DCBLD2 encodes discodin, CUB and LCCL domain-containing protein 2, a type-I transmembrane receptor that is involved in intracellular receptor signalling pathways and the regulation of cell growth. In this report, we describe a 5-year-old female who presented severe clinical features, including restrictive cardiomyopathy, developmental delay, spasticity and dysmorphic features. Trio-whole-exome sequencing and segregation analysis were performed to identify the genetic cause of the disease within the family. A novel homozygous nonsense variant in the DCBLD2 gene (c.80G > A, p.W27*) was identified as the most likely cause of the patient’s phenotype.

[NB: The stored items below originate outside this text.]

(* Let $q$ be a prime power and let $l_1,l_2$ be distinct odd primes, each coprime to $q$. If every irreducible monic factor of $x^{l_1}-1$ and of $x^{l_2}-1$ in $\mathbb{F}_{q^2}[x]$ is SCRIM and $\gcd(\mathrm{ord}_{l_1}(q^2),\mathrm{ord}_{l_2}(q^2))=1$, then $|\Omega_{q^2,l_1l_2}|=|\Omega_{q^2,l_1}|\,|\Omega_{q^2,l_2}|$.
   Context: $\mathbb{F}_{q^2}$ is the finite field with $q^2$ elements. For $\alpha\in\mathbb{F}_{q^2}$ put $\bar\alpha=\alpha^q$, and for $f(x)=\sum_i f_ix^i$ put $\overline{f(x)}=\sum_i \bar f_i x^i$. For $f(x)$ with $f(0)\neq 0$, $f^*(x)=x^{\deg f}f(0)^{-1}f(1/x)$ and $f^\dagger(x)=\overline{f^*(x)}$. A polynomial is SCRIM if it is monic, irreducible over $\mathbb{F}_{q^2}$, has nonzero constant term, and satisfies $f=f^\dagger$. $\Omega_{q^2,n}$ denotes the set of SCRIM polynomials in $\mathbb{F}_{q^2}[x]$ dividing $x^n-1$. $\mathrm{ord}_l(a)$ is the multiplicative order of $a$ modulo $l$. *)

theory Defs
  imports "HOL-Computational_Algebra.Computational_Algebra" "HOL-Number_Theory.Pocklington"
begin

definition conj_poly :: "nat \<Rightarrow> 'a::field poly \<Rightarrow> 'a poly" where
  "conj_poly q f = map_poly (\<lambda>a. a ^ q) f"

text \<open>f^*(x) = x^(deg f) f(0)^(-1) f(1/x); reflect_poly f = x^(deg f) f(1/x).\<close>
definition recip_poly :: "'a::field poly \<Rightarrow> 'a poly" where
  "recip_poly f = Polynomial.smult (inverse (Polynomial.coeff f 0)) (reflect_poly f)"

definition dagger_poly :: "nat \<Rightarrow> 'a::field poly \<Rightarrow> 'a poly" where
  "dagger_poly q f = conj_poly q (recip_poly f)"

definition SCRIM :: "nat \<Rightarrow> 'a::field poly \<Rightarrow> bool" where
  "SCRIM q f \<longleftrightarrow> lead_coeff f = 1 \<and> irreducible f \<and> Polynomial.coeff f 0 \<noteq> 0 \<and> f = dagger_poly q f"

definition Omega :: "nat \<Rightarrow> nat \<Rightarrow> 'a::field poly set" where
  "Omega q n = {f. SCRIM q f \<and> f dvd ([:0, 1:] ^ n - 1)}"

end

(*
  Work in the algebraic closure of F = GF(q^2). The root set of a monic irreducible factor of
  x^m - 1 over F is an orbit of the Frobenius z \<mapsto> z^(q^2) on the m-th roots of unity, and
  this gives a bijection between such factors and such orbits. Since z \<mapsto> z^(-q) applied
  twice is the Frobenius, a factor f with root z equals its conjugate reciprocal f^\<dagger>
  exactly when z^(-q) is again a root of f, i.e. lies in the orbit of z.

  For coprime l1, l2 the map z \<mapsto> (z^l2, z^l1) identifies the (l1 l2)-th roots of unity with
  pairs of an l1-th and an l2-th root of unity. When the orders of q^2 modulo l1 and l2 are
  coprime, the Chinese remainder theorem applied to the exponents q^(2j) shows that orbits
  correspond exactly to pairs of orbits. Hence the orbit condition, and with it the SCRIM
  property of all factors, passes from l1 and l2 to l1 l2, and the numbers of orbits multiply.
*)

theory Submission
  imports Defs "HOL-Algebra.Algebraic_Closure_Type" "HOL-Library.Cardinality"
begin

hide_const (open) Divisibility.irreducible Divisibility.prime Polynomials.degree
  Polynomials.lead_coeff up_ring.coeff UnivPoly.monom Module.smult

section \<open>Roots of unity and orbits of power maps\<close>

definition unity_roots :: "nat \<Rightarrow> 'b::monoid_mult set" where
  "unity_roots m = {y. y ^ m = 1}"

definition power_orbit :: "nat \<Rightarrow> 'b::monoid_mult \<Rightarrow> 'b set" where
  "power_orbit Q z = range (\<lambda>j. z ^ (Q ^ j))"

lemma self_mem_power_orbit: "z \<in> power_orbit Q z"
  unfolding power_orbit_def by (metis power_0 power_one_right rangeI)

lemma power_mem_power_orbit:
  assumes "y \<in> power_orbit Q z"
  shows "y ^ (Q ^ j) \<in> power_orbit Q z"
proof -
  obtain i where "y = z ^ (Q ^ i)"
    using assms unfolding power_orbit_def by blast
  then have "y ^ (Q ^ j) = z ^ (Q ^ (i + j))"
    by (simp add: power_add power_mult)
  then show ?thesis
    unfolding power_orbit_def by blast
qed

lemma power_orbit_subset: "y \<in> power_orbit Q z \<Longrightarrow> power_orbit Q y \<subseteq> power_orbit Q z"
  unfolding power_orbit_def[of Q y] using power_mem_power_orbit by blast

lemma image_power_power_orbit: "(\<lambda>y. y ^ a) ` power_orbit Q z = power_orbit Q (z ^ a)"
proof -
  have "(z ^ (Q ^ j)) ^ a = (z ^ a) ^ (Q ^ j)" for j
    by (simp add: mult.commute flip: power_mult)
  then show ?thesis
    unfolding power_orbit_def image_image by simp
qed

lemma power_eq_power_if_cong:
  fixes z :: "'b::monoid_mult"
  assumes "z ^ m = 1" "[a = b] (mod m)"
  shows "z ^ a = z ^ b"
proof -
  have "z ^ c = z ^ (c mod m)" for c
  proof -
    have "c = m * (c div m) + c mod m"
      by simp
    then have "z ^ c = (z ^ m) ^ (c div m) * z ^ (c mod m)"
      by (metis power_add power_mult)
    then show ?thesis
      using assms(1) by simp
  qed
  then show ?thesis
    using assms(2) unfolding cong_def by metis
qed

lemma power_power_eq_if_cong_ord:
  fixes z :: "'b::monoid_mult"
  assumes "z ^ m = 1" "coprime m Q" "[i = i'] (mod ord m Q)"
  shows "z ^ (Q ^ i) = z ^ (Q ^ i')"
  using assms order_divides_expdiff power_eq_power_if_cong by blast

lemma power_orbit_eq_if_mem:
  fixes z :: "'b::monoid_mult"
  assumes "z ^ m = 1" "coprime m Q" "y \<in> power_orbit Q z"
  shows "power_orbit Q y = power_orbit Q z"
proof
  obtain t where y: "y = z ^ (Q ^ t)"
    using assms(3) unfolding power_orbit_def by blast
  obtain n where n: "ord m Q = Suc n"
    using assms(2) gr0_implies_Suc ord_gt_0_iff by blast
  have "y ^ (Q ^ (n * t)) = z ^ (Q ^ (ord m Q * t))"
    unfolding y n by (simp add: power_add flip: power_mult)
  also have "\<dots> = z ^ (Q ^ 0)"
    using assms(1,2) by (intro power_power_eq_if_cong_ord) (auto simp: cong_def)
  finally have "z \<in> power_orbit Q y"
    unfolding power_orbit_def by (metis power_0 power_one_right rangeI)
  then show "power_orbit Q z \<subseteq> power_orbit Q y"
    by (rule power_orbit_subset)
qed (rule power_orbit_subset[OF assms(3)])

lemma unity_roots_mult_recombine:
  fixes b c :: "'b::comm_monoid_mult"
  assumes u: "[l2 * u = 1] (mod l1)" and v: "[l1 * v = 1] (mod l2)"
    and "b \<in> unity_roots l1" "c \<in> unity_roots l2"
  shows "(b ^ u * c ^ v) ^ l2 = b" "(b ^ u * c ^ v) ^ l1 = c"
proof -
  have b: "b ^ l1 = 1" and c: "c ^ l2 = 1"
    using assms(3,4) by (auto simp: unity_roots_def)
  have "(b ^ u * c ^ v) ^ l2 = b ^ (l2 * u) * (c ^ l2) ^ v"
    by (simp add: power_mult_distrib ac_simps flip: power_mult)
  then show "(b ^ u * c ^ v) ^ l2 = b"
    using power_eq_power_if_cong[OF b u] c by simp
  have "(b ^ u * c ^ v) ^ l1 = (b ^ l1) ^ u * c ^ (l1 * v)"
    by (simp add: power_mult_distrib ac_simps flip: power_mult)
  then show "(b ^ u * c ^ v) ^ l1 = c"
    using power_eq_power_if_cong[OF c v] b by simp
qed
definition feasible :: "nat \<Rightarrow> nat \<Rightarrow> (nat \<Rightarrow> real) \<Rightarrow> bool" where
  "feasible n N Q \<longleftrightarrow> (\<forall>i<N. Q i \<in> quant_levels n)"

definition objective :: "nat \<Rightarrow> (nat \<Rightarrow> real) \<Rightarrow> int \<Rightarrow> (nat \<Rightarrow> real) \<Rightarrow> real" where
  "objective N W s Q = (\<Sum>i<N. (2 powr (real_of_int s) * Q i - W i)\<^sup>2)"

end

theory Submission imports Defs begin

text \<open>Write \<open>x = 2^s\<close>. The objective is \<open>x\<^sup>2 \<Sum>Q\<^sub>i\<^sup>2 - 2x \<Sum>Q\<^sub>iW\<^sub>i + \<parallel>W\<parallel>\<^sup>2\<close>. Grouping the indices of a
  feasible \<open>Q\<close> by the level \<open>|Q\<^sub>i| = 2^-t\<close> yields counts \<open>k\<^sub>t\<close> with \<open>\<Sum>Q\<^sub>i\<^sup>2 = v(k)\<close>, and
  \<open>\<Sum>Q\<^sub>iW\<^sub>i \<le> u(k)\<close> because the larger levels are best spent on the largest \<open>|W\<^sub>i|\<close>
  (summation by parts against the decreasing weights \<open>2^-t\<close>). Over powers of two, \<open>v x\<^sup>2 - 2u x\<close>
  is minimised by the power of two closest to \<open>u/v\<close>, namely \<open>2^\<lfloor>log\<^sub>2(4u/3v)\<rfloor>\<close>, with minimum
  \<open>g(u,v)\<close>. So every feasible point costs at least \<open>\<parallel>W\<parallel>\<^sup>2 + min g\<close>, and the quantizer built from
  the top-magnitude blocks of an optimal \<open>k\<^sup>*\<close> meets both bounds.\<close>

lemma sum_le_sum_if_card_eq_and_dominated:
  fixes f :: "'a \<Rightarrow> 'b::linordered_idom"
  assumes "finite X" "finite Y" "card X = card Y" "\<And>x y. x \<in> X \<Longrightarrow> y \<in> Y \<Longrightarrow> f x \<le> f y"
  shows "sum f X \<le> sum f Y"
proof (cases "X = {}")
  case True
  then show ?thesis using assms(2,3) by simp
next
  case False
  define c where "c = Max (f ` X)"
  have "c \<in> f ` X" unfolding c_def using False assms(1) by (intro Max_in) auto
  then have c_le: "c \<le> f y" if "y \<in> Y" for y using assms(4) that by auto
  have "sum f X \<le> of_nat (card X) * c"
    by (rule sum_bounded_above) (use assms(1) in \<open>auto simp: c_def\<close>)
  also have "\<dots> \<le> sum f Y"
    unfolding assms(3) by (rule sum_bounded_below) (use c_le in auto)
  finally show ?thesis .
qed
lemma union_base_augment:
  assumes BU: "is_base LU BU" and A: "A \<in> LU" and not_base: "\<not> is_base LU A"
  shows "\<exists>b\<in>BU - A. insert b A \<in> LU"
proof (rule ccontr)
  assume "\<not> ?thesis"
  then have nonaug_A: "\<forall>x\<in>BU - A. insert x A \<notin> LU"
    by blast
  have nonaug_BU: "\<forall>x\<in>J - BU. insert x BU \<notin> LU" for J
    using is_base_maximal[OF BU] by blast
  obtain J2 T2 where "BU \<subseteq> J2" "base_split J2 T2"
    using union_indep_subset_base_split[OF is_base_indep[OF BU]] .
  then have split_BU: "base_split BU T2"
    using is_base_maximal[OF BU base_split_union_indep] by metis
  obtain Z where Z: "Z \<in> LU" "A \<subseteq> Z" "Z \<noteq> A"
    using not_base A unfolding is_base_def by blast
  then obtain z where "z \<in> Z" "z \<notin> A"
    by blast
  then have z: "z \<notin> A" "insert z A \<in> LU"
    using union_indep_subset[OF Z(1)] Z(2) by auto
  obtain J T3 where J: "insert z A \<subseteq> J" "base_split J T3"
    using union_indep_subset_base_split[OF z(2)] .
  obtain T1 where T1: "base_split A T1" "card (BU - T2) \<le> card (A - T1)"
    using non_augmentable_card_le[OF split_BU A nonaug_A] by blast
  obtain T4 where T4: "base_split BU T4" "card (J - T3) \<le> card (BU - T4)"
    using non_augmentable_card_le[OF J(2) is_base_indep[OF BU] nonaug_BU] by blast
  have J_T1: "finite (J - T1)" "card (J - T1) = card (J - T3)"
    using N.card_diff_base_eq[of T3 T1 J] J T1(1) finite_F_indep unfolding base_split_def by auto
  have "A - T1 \<subset> J - T1"
    using J(1) z(1) T1(1) unfolding base_split_def by blast
  then have "card (A - T1) < card (J - T1)"
    by (rule psubset_card_mono[OF J_T1(1)])
  also have "\<dots> \<le> card (BU - T4)"
    using J_T1(2) T4(2) by simp
  also have "\<dots> = card (BU - T2)"
    using base_split_card_eq[OF split_BU T4(1)] .
  finally show False
    using T1(2) by simp
qed
(* Let $J\ge 2$ and, for every dimension $d$, let $F_1,\ldots,F_J$ be probability distributions on $\mathbb{R}^d$ (the $J$ competing classes) satisfying assumptions (A1)–(A3) stated in the context. For each $j$, let $\mathbf{X}_{j1},\ldots,\mathbf{X}_{jn_j}$ be a training sample from $F_j$ with $n_j\ge 2$ fixed (not depending on $d$), all training observations being mutually independent, and let the test observation $\mathbf{Z}$ be independent of the training data. Then: (a) If $\nu_{ji}^2>|\sigma_j^2-\sigma_i^2|$ for all $j\neq i$, the misclassification probability of the $k$-nearest neighbor classifier with $k<\min\{n_1,\ldots,n_J\}$ converges to $0$ as $d\to\infty$. However, if $\nu_{ji}^2<|\sigma_j^2-\sigma_i^2|$ for some $j\neq i$, then all observations from at least one class are misclassified by this classifier with probability tending to $1$ as $d\to\infty$. (b) If $\nu_{ji}^2>0$ for all $j\neq i$, the misclassification probability of the CH classifier converges to $0$ as $d\to\infty$. (c) If for all $j\neq i$ either $\nu_{ji}^2>0$ or $\sigma_j^2\neq\sigma_i^2$, the misclassification probability of the MCH classifier converges to $0$ as $d\to\infty$.
   Context: "Measurement variables" are the coordinates of a random vector. Assumptions: (A1) In each of the $J$ classes, the coordinates have fourth moments bounded uniformly (over coordinates and over $d$). (A2) If $\mathbf{X}=(X_1,\ldots,X_d)^\top\sim F_j$ and $\mathbf{Y}=(Y_1,\ldots,Y_d)^\top\sim F_i$ ($1\le j,i\le J$) are independent and $\mathbf{U}=\mathbf{X}-\mathbf{Y}$, then $\sum_{r\neq s}|\mathrm{Corr}(U_r^2,U_s^2)|=o(d^2)$ as $d\to\infty$. (A3) Let $\boldsymbol{\mu}_j$ and $\boldsymbol{\Sigma}_j$ be the mean vector and dispersion matrix of $F_j$. For each $j$ there is a constant $\sigma_j^2$ with $\mathrm{trace}(\boldsymbol{\Sigma}_j)/d\to\sigma_j^2$, and for each $i\neq j$ there is a constant $\nu_{ji}^2$ with $\|\boldsymbol{\mu}_j-\boldsymbol{\mu}_i\|^2/d\to\nu_{ji}^2$, as $d\to\infty$. The $k$-nearest neighbor classifier assigns $\mathbf{Z}$ to the class having the most representatives among the $k$ training points closest to $\mathbf{Z}$ in Euclidean norm $\|\cdot\|$. The CH classifier computes $\rho_j(\mathbf{Z},\mathbf{X}_{ji})=\|\mathbf{Z}-\mathbf{X}_{ji}\|^2-\frac12\binom{n_j}{2}^{-1}\sum_{1\le s<t\le n_j}\|\mathbf{X}_{js}-\mathbf{X}_{jt}\|^2$ and assigns $\mathbf{Z}$ to the class $j_0$ with $\min_{i}\rho_{j_0}(\mathbf{Z},\mathbf{X}_{j_0i})<\min_i\rho_j(\mathbf{Z},\mathbf{X}_{ji})$ for all $j\ne j_0$. The MCH classifier is the same with $\rho^*_j(\mathbf{Z},\mathbf{X}_{ji})=\|\mathbf{Z}-\mathbf{X}_{ji}\|-\frac12\binom{n_j}{2}^{-1}\sum_{1\le s<t\le n_j}\|\mathbf{X}_{js}-\mathbf{X}_{jt}\|$ in place of $\rho_j$. The misclassification probability converging to $0$ means that for each $j$, the probability that a test observation $\mathbf{Z}\sim F_j$ is not assigned to class $j$ tends to $0$. *)

theory Defs
  imports "HOL-Probability.Probability"
begin
(* Let $\mathcal H$ be a separable complex Hilbert space, $A\in L(\mathcal H)^+$, $\mathcal S$ a closed subspace, $\mathcal N=\mathcal S\cap N(A)$, and $T\in L(\mathcal H)$ with $R(T)\subseteq\mathcal S$. Then $T$ is an $A$-projection into $\mathcal S$ if and only if $(A,\mathcal S)$ is compatible and $P_{\mathcal S\ominus\mathcal N}T=P_{A,\mathcal S\ominus\mathcal N}$.
   Context: $N(\cdot)$ is the nullspace, $\mathcal S\ominus\mathcal N=\mathcal S\cap\mathcal N^\perp$, $P_{\mathcal M}$ the orthogonal projection onto $\mathcal M$. $(A,\mathcal S)$ is compatible if there exists $Q\in L(\mathcal H)$ with $Q^2=Q$, $R(Q)=\mathcal S$, $AQ=Q^*A$. When $(A,\mathcal S)$ is compatible, $\mathcal H=(\mathcal S\ominus\mathcal N)\dotplus A(\mathcal S)^\perp$ and $P_{A,\mathcal S\ominus\mathcal N}$ denotes the (bounded) oblique projection with range $\mathcal S\ominus\mathcal N$ and nullspace $A(\mathcal S)^\perp$. With $\|z\|_A=\langle Az,z\rangle^{1/2}$, $T$ is an $A$-projection into $\mathcal S$ if $R(T)\subseteq\mathcal S$ and $\|y-Ty\|_A\le\|y-s\|_A$ for all $y\in\mathcal H$, $s\in\mathcal S$. *)

theory Defs
  imports "HOL-Analysis.Analysis"
begin

text \<open>Complex Hilbert spaces: a Banach space (over the reals, as in the library)
carrying a compatible complex scalar multiplication and a complex inner product,
linear in the first argument and conjugate-linear in the second,
which induces the norm.\<close>

class chilbert_space = banach +
  fixes scaleC :: "complex \<Rightarrow> 'a \<Rightarrow> 'a"
    and cinner :: "'a \<Rightarrow> 'a \<Rightarrow> complex"
  assumes scaleC_add_right: "scaleC a (x + y) = scaleC a x + scaleC a y"
    and scaleC_add_left: "scaleC (a + b) x = scaleC a x + scaleC b x"
    and scaleC_scaleC: "scaleC a (scaleC b x) = scaleC (a * b) x"
    and scaleC_one: "scaleC 1 x = x"
    and scaleR_scaleC: "scaleR r x = scaleC (complex_of_real r) x"
    and cinner_add_left: "cinner (x + y) z = cinner x z + cinner y z"
    and cinner_scaleC_left: "cinner (scaleC a x) y = a * cinner x y"
    and cinner_commute: "cinner y x = cnj (cinner x y)"
    and cinner_self_norm: "cinner x x = complex_of_real ((norm x)\<^sup>2)"

definition bounded_clinear :: "('a::chilbert_space \<Rightarrow> 'a) \<Rightarrow> bool" where
  "bounded_clinear T \<longleftrightarrow>
     (\<forall>x y. T (x + y) = T x + T y) \<and> (\<forall>c x. T (scaleC c x) = scaleC c (T x)) \<and>
     (\<exists>K. \<forall>x. norm (T x) \<le> norm x * K)"

definition positive_op :: "('a::chilbert_space \<Rightarrow> 'a) \<Rightarrow> bool" where
  "positive_op A \<longleftrightarrow> bounded_clinear A \<and>
     (\<forall>x. Im (cinner (A x) x) = 0 \<and> Re (cinner (A x) x) \<ge> 0)"

definition is_adjoint :: "('a::chilbert_space \<Rightarrow> 'a) \<Rightarrow> ('a \<Rightarrow> 'a) \<Rightarrow> bool" where
  "is_adjoint Q Qs \<longleftrightarrow> (\<forall>x y. cinner (Q x) y = cinner x (Qs y))"

definition closed_csubspace :: "'a::chilbert_space set \<Rightarrow> bool" where
  "closed_csubspace S \<longleftrightarrow> 0 \<in> S \<and> (\<forall>x\<in>S. \<forall>y\<in>S. x + y \<in> S) \<and>
     (\<forall>c. \<forall>x\<in>S. scaleC c x \<in> S) \<and> closed S"

definition separable_space :: "'a::chilbert_space itself \<Rightarrow> bool" where
  "separable_space _ \<longleftrightarrow> (\<exists>D::'a set. countable D \<and> closure D = UNIV)"

definition nullspace :: "('a::chilbert_space \<Rightarrow> 'a) \<Rightarrow> 'a set" where
  "nullspace A = {x. A x = 0}"

definition orth :: "'a::chilbert_space set \<Rightarrow> 'a set" where
  "orth M = {x. \<forall>y\<in>M. cinner x y = 0}"

definition odiff :: "'a::chilbert_space set \<Rightarrow> 'a set \<Rightarrow> 'a set" where
  "odiff S N = S \<inter> orth N"

definition orth_proj :: "'a::chilbert_space set \<Rightarrow> 'a \<Rightarrow> 'a" where
  "orth_proj M x = (THE p. p \<in> M \<and> x - p \<in> orth M)"

text \<open>Oblique projection with range M and nullspace K (for H = M direct-sum K).\<close>
definition oblique_proj :: "'a::chilbert_space set \<Rightarrow> 'a set \<Rightarrow> 'a \<Rightarrow> 'a" where
  "oblique_proj M K x = (THE m. m \<in> M \<and> x - m \<in> K)"

definition compatible :: "('a::chilbert_space \<Rightarrow> 'a) \<Rightarrow> 'a set \<Rightarrow> bool" where
  "compatible A S \<longleftrightarrow> (\<exists>Q Qs. bounded_clinear Q \<and> is_adjoint Q Qs \<and> Q \<circ> Q = Q \<and>
       range Q = S \<and> A \<circ> Q = Qs \<circ> A)"

definition normA :: "('a::chilbert_space \<Rightarrow> 'a) \<Rightarrow> 'a \<Rightarrow> real" where
  "normA A z = sqrt (Re (cinner (A z) z))"

definition is_A_projection :: "('a::chilbert_space \<Rightarrow> 'a) \<Rightarrow> 'a set \<Rightarrow> ('a \<Rightarrow> 'a) \<Rightarrow> bool" where
  "is_A_projection A S T \<longleftrightarrow> range T \<subseteq> S \<and>
     (\<forall>y. \<forall>s\<in>S. normA A (y - T y) \<le> normA A (y - s))"

end

theory Submission
  imports Defs
begin

text \<open>Write \<open>N = S \<inter> N(A)\<close>, \<open>M = S \<ominus> N\<close> and \<open>K = A(S)\<^sup>\<perp>\<close>. Since \<open>\<langle>A u, v\<rangle>\<close> is a
semi-inner product, \<open>Ty\<close> minimises \<open>\<parallel>y - s\<parallel>\<^sub>A\<close> over \<open>S\<close> exactly when the residual \<open>y - Ty\<close>
lies in \<open>K\<close>. Given a bounded \<open>T\<close> with this property, \<open>Q = T - P\<^sub>N T + P\<^sub>N\<close> is a bounded
idempotent onto \<open>S\<close> with \<open>I - Q\<close> mapping into \<open>K\<close>, which makes \<open>Q\<close> \<open>A\<close>-selfadjoint, so
\<open>(A,S)\<close> is compatible. Conversely, compatibility gives \<open>H = S + K\<close>; since \<open>M \<inter> K = 0\<close> and
\<open>N \<subseteq> K\<close>, the oblique projection sends \<open>y = s + k\<close> to \<open>P\<^sub>M s\<close>, and \<open>P\<^sub>M T = P\<^sub>{A,M}\<close> holds
precisely when every residual \<open>y - Ty\<close> lies in \<open>K\<close>.\<close>

section \<open>Complex inner product spaces\<close>

lemma scaleC_minus_one: "scaleC (-1) (x::'a::chilbert_space) = - x"
  using scaleR_scaleC[of "-1" x] by simp

lemma scaleC_zero_right [simp]: "scaleC c (0::'a::chilbert_space) = 0"
proof -
  have "scaleC c (0::'a) = scaleC c 0 + scaleC c 0" using scaleC_add_right[of c "0::'a" 0] by simp
  thus ?thesis by simp
qed

lemma scaleC_minus_right: "scaleC c (- (x::'a::chilbert_space)) = - scaleC c x"
  using scaleC_scaleC[of c "-1" x] scaleC_scaleC[of "-1" c x] by (simp add: scaleC_minus_one)

lemma scaleC_diff_right: "scaleC c (x - (y::'a::chilbert_space)) = scaleC c x - scaleC c y"
  using scaleC_add_right[of c x "-y"] by (simp add: scaleC_minus_right)

lemma cinner_zero_left [simp]: "cinner 0 (y::'a::chilbert_space) = 0"
proof -
  have "cinner (0::'a) y = cinner 0 y + cinner 0 y" using cinner_add_left[of "0::'a" 0 y] by simp
  thus ?thesis by simp
qed

lemma cinner_zero_right [simp]: "cinner (y::'a::chilbert_space) 0 = 0"
  using cinner_commute[of 0 y] by simp

lemma cinner_add_right: "cinner (x::'a::chilbert_space) (y + z) = cinner x y + cinner x z"
  using cinner_commute[of x "y+z"] cinner_commute[of x y] cinner_commute[of x z]
  by (simp add: cinner_add_left)

lemma cinner_scaleC_right: "cinner (x::'a::chilbert_space) (scaleC c y) = cnj c * cinner x y"
  using cinner_commute[of x "scaleC c y"] cinner_commute[of x y] by (simp add: cinner_scaleC_left)

lemma cinner_minus_left: "cinner (- x) (y::'a::chilbert_space) = - cinner x y"
  using cinner_scaleC_left[of "-1" x y] by (simp add: scaleC_minus_one)
(* Every non-interleaved single-ancilla CNOT-based SEC for the gross code has circuit distance $d_{\mathrm{circ}}\le 11$.
   Context: The gross code is the $[[144,12,12]]$ bivariate bicycle CSS code: with $S_k$ the $k\times k$ cyclic shift matrix, $x=S_{12}\otimes I_6$, $y=I_{12}\otimes S_6$, $A=x^3+y+y^2$, $B=y^3+x+x^2$ (over $\mathbb{F}_2$), $H_X=[A\mid B]$ and $H_Z=[B^{T}\mid A^{T}]$; there are 72 $X$ checks and 72 $Z$ checks, each of weight six. Single-ancilla CNOT-based SEC: each check has its own dedicated ancilla. For an $X$ check the ancilla is prepared in $|+\rangle$, CNOTs go from ancilla to each of the data qubits in its support, and it is measured in $X$; for a $Z$ check the ancilla is prepared in $|0\rangle$, CNOTs go from each data qubit in its support to the ancilla, and it is measured in $Z$. Operations take one time step, each qubit in at most one operation per step; repeated for several rounds. It is non-interleaved if either all $X$-type-check CNOTs precede all overlapping $Z$-type-check CNOTs (acting on common data qubits), or all $Z$-type-check CNOTs precede all overlapping $X$-type-check CNOTs. Noise and circuit distance: each operation fails independently; failed idles are followed by a Pauli $X$, $Y$ or $Z$; failed CNOTs by a non-identity two-qubit Pauli; failed preparations prepare the orthogonal state; failed measurements flip their outcome; each such event is an error mechanism. In an $X$-basis (resp. $Z$-basis) memory experiment (data prepared in the $|+\rangle$ (resp. $|0\rangle$) product state, several noisy rounds, then all data measured in that basis, giving a perfect final round), detectors are parities of outcomes deterministic without noise. $d^X_{\mathrm{circ}}$ (resp. $d^Z_{\mathrm{circ}}$) is the minimum number of error mechanisms flipping no detector but flipping a logical observable, and $d_{\mathrm{circ}}=\min(d^X_{\mathrm{circ}},d^Z_{\mathrm{circ}})$. *)

theory Defs
  imports Main "HOL-Library.Extended_Nat"
begin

This nonsense variant falls in the extracellular N-terminus of DCBLD2 and thus might affect proper protein function of the transmembrane receptor. A number of in vitro investigations were performed on the proband’s skin fibroblasts compared to normal fibroblasts, which allowed a comprehensive assessment resulting in the functional characterization of the identified DCBLD2 nonsense variant in different cellular processes. Our data propose a significant association between the identified variant and the observed reduction in cell proliferation, cell cycle progression, intracellular ROS, and Ca2 + levels, which would likely explain the phenotypic presentation of the patient as associated with lethal restrictive cardiomyopathy.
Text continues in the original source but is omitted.